#### [Task prompt]
The expected answer is a copy of every line in the listing that has the word "shows".

___ Material shown

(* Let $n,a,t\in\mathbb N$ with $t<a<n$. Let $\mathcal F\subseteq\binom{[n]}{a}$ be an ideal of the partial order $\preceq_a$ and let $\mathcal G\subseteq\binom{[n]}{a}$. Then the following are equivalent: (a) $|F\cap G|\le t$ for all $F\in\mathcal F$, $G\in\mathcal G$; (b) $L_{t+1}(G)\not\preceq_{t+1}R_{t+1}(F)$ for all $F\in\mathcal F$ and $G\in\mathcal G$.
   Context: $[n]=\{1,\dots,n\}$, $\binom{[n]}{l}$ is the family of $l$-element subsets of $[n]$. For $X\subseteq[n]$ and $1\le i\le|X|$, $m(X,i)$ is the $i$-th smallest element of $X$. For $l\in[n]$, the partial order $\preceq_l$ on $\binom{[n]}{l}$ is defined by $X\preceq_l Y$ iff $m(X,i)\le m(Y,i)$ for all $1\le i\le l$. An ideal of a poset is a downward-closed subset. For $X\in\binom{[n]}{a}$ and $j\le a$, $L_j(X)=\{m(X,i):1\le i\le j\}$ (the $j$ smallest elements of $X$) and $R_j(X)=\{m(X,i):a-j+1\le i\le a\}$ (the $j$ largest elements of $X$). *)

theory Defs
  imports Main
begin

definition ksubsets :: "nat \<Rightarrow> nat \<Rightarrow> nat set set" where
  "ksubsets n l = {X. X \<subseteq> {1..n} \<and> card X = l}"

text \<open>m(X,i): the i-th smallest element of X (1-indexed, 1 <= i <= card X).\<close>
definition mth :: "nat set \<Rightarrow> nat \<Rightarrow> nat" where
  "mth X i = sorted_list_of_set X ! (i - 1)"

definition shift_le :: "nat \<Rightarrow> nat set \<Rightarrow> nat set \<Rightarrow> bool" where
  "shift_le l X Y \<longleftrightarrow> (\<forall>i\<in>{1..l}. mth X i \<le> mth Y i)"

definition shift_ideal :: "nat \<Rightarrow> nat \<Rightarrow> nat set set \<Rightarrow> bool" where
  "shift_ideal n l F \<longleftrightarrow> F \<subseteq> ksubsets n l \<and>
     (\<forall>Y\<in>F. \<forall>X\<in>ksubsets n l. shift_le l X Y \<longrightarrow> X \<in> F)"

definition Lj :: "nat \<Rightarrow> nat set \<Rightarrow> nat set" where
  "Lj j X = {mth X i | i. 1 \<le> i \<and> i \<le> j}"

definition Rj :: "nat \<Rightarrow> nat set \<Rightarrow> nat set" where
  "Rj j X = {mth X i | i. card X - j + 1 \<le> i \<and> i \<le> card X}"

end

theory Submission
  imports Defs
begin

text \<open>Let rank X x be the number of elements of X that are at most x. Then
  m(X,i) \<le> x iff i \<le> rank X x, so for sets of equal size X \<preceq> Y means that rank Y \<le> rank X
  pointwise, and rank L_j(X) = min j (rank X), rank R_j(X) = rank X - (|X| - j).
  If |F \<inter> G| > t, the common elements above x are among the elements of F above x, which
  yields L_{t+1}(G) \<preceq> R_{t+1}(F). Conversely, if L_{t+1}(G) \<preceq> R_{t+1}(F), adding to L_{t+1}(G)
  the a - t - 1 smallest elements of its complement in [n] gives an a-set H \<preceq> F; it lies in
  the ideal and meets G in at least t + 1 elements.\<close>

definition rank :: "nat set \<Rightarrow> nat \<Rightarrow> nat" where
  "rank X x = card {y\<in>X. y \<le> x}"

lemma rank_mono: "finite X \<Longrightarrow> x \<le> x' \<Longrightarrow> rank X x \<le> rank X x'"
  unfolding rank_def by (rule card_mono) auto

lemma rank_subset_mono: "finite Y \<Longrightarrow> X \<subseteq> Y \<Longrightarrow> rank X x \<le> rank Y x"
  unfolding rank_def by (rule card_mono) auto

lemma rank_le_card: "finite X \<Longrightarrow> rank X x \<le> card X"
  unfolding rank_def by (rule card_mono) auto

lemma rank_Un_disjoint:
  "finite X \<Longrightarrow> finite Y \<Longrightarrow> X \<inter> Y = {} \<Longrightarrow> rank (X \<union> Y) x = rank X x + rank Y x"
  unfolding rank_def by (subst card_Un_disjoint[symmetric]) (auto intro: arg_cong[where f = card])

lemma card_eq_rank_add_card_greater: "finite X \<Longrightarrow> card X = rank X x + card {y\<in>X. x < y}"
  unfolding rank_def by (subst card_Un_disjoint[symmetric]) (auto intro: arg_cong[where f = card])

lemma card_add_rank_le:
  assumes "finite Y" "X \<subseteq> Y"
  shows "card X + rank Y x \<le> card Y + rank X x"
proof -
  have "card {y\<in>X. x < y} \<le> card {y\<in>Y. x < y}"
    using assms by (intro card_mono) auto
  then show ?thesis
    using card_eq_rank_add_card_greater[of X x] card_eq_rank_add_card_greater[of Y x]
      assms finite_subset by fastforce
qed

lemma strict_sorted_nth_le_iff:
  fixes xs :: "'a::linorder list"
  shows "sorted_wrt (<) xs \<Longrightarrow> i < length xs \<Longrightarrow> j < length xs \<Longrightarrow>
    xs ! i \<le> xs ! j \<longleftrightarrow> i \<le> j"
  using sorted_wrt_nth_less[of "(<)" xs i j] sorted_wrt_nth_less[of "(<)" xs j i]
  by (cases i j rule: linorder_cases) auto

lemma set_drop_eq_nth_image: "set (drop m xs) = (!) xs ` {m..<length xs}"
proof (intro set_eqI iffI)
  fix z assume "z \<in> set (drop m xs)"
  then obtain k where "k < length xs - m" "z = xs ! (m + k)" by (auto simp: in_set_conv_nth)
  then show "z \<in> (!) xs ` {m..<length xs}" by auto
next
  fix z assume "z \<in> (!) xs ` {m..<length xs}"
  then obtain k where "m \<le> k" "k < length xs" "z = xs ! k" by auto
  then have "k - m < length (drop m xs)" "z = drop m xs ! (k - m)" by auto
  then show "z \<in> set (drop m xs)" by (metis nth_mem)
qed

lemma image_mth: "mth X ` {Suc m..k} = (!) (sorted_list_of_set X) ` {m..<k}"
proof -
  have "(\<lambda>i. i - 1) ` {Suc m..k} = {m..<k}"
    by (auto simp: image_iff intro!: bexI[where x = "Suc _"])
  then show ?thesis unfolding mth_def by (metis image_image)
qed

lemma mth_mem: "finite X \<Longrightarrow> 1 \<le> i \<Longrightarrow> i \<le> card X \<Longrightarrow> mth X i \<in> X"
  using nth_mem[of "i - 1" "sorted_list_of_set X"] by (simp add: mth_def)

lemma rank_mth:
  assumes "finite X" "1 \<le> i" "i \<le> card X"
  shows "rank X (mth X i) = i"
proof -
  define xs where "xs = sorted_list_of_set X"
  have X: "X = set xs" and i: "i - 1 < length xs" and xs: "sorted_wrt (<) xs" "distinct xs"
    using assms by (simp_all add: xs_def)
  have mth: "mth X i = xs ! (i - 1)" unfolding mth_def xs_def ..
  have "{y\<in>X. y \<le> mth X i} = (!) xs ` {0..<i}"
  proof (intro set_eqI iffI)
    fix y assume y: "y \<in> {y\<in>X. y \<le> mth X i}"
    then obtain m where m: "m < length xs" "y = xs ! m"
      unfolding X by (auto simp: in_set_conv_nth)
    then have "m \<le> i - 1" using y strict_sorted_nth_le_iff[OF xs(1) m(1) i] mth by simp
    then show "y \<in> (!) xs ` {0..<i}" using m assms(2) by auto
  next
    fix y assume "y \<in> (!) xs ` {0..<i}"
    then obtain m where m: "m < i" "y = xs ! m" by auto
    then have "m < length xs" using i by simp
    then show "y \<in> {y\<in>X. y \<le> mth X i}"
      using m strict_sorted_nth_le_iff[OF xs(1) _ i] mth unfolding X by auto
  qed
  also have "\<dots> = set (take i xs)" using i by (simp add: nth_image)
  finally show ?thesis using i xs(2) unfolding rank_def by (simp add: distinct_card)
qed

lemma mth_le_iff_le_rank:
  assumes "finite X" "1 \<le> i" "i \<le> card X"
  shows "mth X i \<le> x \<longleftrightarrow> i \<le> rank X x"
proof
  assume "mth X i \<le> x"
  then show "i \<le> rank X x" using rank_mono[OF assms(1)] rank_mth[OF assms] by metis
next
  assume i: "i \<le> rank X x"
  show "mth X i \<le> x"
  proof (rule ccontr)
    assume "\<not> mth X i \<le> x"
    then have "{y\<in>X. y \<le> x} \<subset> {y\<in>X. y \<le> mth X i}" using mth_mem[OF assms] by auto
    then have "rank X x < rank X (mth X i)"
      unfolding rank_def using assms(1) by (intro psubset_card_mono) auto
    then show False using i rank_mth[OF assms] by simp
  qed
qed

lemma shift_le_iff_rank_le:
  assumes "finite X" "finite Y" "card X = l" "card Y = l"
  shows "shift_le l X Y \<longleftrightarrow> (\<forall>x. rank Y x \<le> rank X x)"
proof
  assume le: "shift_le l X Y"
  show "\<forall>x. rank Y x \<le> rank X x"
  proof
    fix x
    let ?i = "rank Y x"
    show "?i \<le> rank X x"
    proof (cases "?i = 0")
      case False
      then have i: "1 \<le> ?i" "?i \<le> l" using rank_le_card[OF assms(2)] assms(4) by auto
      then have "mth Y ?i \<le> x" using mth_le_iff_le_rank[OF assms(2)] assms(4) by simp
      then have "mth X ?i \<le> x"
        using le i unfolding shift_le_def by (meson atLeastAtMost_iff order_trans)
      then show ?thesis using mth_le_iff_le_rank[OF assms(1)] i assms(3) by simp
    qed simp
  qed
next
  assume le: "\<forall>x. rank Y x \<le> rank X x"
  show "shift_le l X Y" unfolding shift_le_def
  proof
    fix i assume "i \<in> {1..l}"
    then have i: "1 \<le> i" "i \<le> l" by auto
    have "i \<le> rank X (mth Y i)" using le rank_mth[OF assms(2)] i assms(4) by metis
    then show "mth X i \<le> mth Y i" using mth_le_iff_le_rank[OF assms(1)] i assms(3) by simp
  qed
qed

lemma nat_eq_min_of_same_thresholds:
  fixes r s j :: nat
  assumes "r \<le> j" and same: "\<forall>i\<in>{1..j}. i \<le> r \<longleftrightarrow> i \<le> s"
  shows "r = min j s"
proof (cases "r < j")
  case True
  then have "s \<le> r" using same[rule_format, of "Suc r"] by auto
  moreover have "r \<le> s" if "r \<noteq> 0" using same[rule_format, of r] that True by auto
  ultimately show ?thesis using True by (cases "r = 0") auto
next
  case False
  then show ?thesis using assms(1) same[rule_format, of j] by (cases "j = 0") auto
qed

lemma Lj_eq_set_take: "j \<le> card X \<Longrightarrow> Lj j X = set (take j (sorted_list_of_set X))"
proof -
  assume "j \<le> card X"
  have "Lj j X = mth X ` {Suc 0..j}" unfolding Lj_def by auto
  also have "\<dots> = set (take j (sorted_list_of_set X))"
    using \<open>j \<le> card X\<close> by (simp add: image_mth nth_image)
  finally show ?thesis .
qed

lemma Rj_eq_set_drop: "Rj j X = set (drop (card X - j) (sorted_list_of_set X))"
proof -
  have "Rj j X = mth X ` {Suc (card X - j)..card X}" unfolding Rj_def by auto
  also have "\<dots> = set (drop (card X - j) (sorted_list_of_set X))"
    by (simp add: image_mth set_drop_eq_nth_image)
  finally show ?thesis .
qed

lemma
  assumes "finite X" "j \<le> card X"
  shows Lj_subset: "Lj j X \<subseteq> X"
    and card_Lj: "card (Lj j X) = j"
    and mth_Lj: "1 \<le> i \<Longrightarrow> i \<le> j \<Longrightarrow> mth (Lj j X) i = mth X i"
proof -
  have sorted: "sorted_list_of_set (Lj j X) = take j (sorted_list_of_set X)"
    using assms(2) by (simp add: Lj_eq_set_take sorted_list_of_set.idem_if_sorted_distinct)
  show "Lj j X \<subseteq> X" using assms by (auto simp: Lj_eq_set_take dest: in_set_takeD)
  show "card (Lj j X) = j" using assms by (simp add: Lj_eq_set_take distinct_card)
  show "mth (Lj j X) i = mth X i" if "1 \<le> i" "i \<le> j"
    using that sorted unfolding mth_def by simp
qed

______

#### [Result for this task]
  shows "card X + rank Y x \<le> card Y + rank X x"
  shows "sorted_wrt (<) xs \<Longrightarrow> i < length xs \<Longrightarrow> j < length xs \<Longrightarrow>
  shows "rank X (mth X i) = i"
  shows "mth X i \<le> x \<longleftrightarrow> i \<le> rank X x"
  shows "shift_le l X Y \<longleftrightarrow> (\<forall>x. rank Y x \<le> rank X x)"
  shows "r = min j s"
  shows Lj_subset: "Lj j X \<subseteq> X"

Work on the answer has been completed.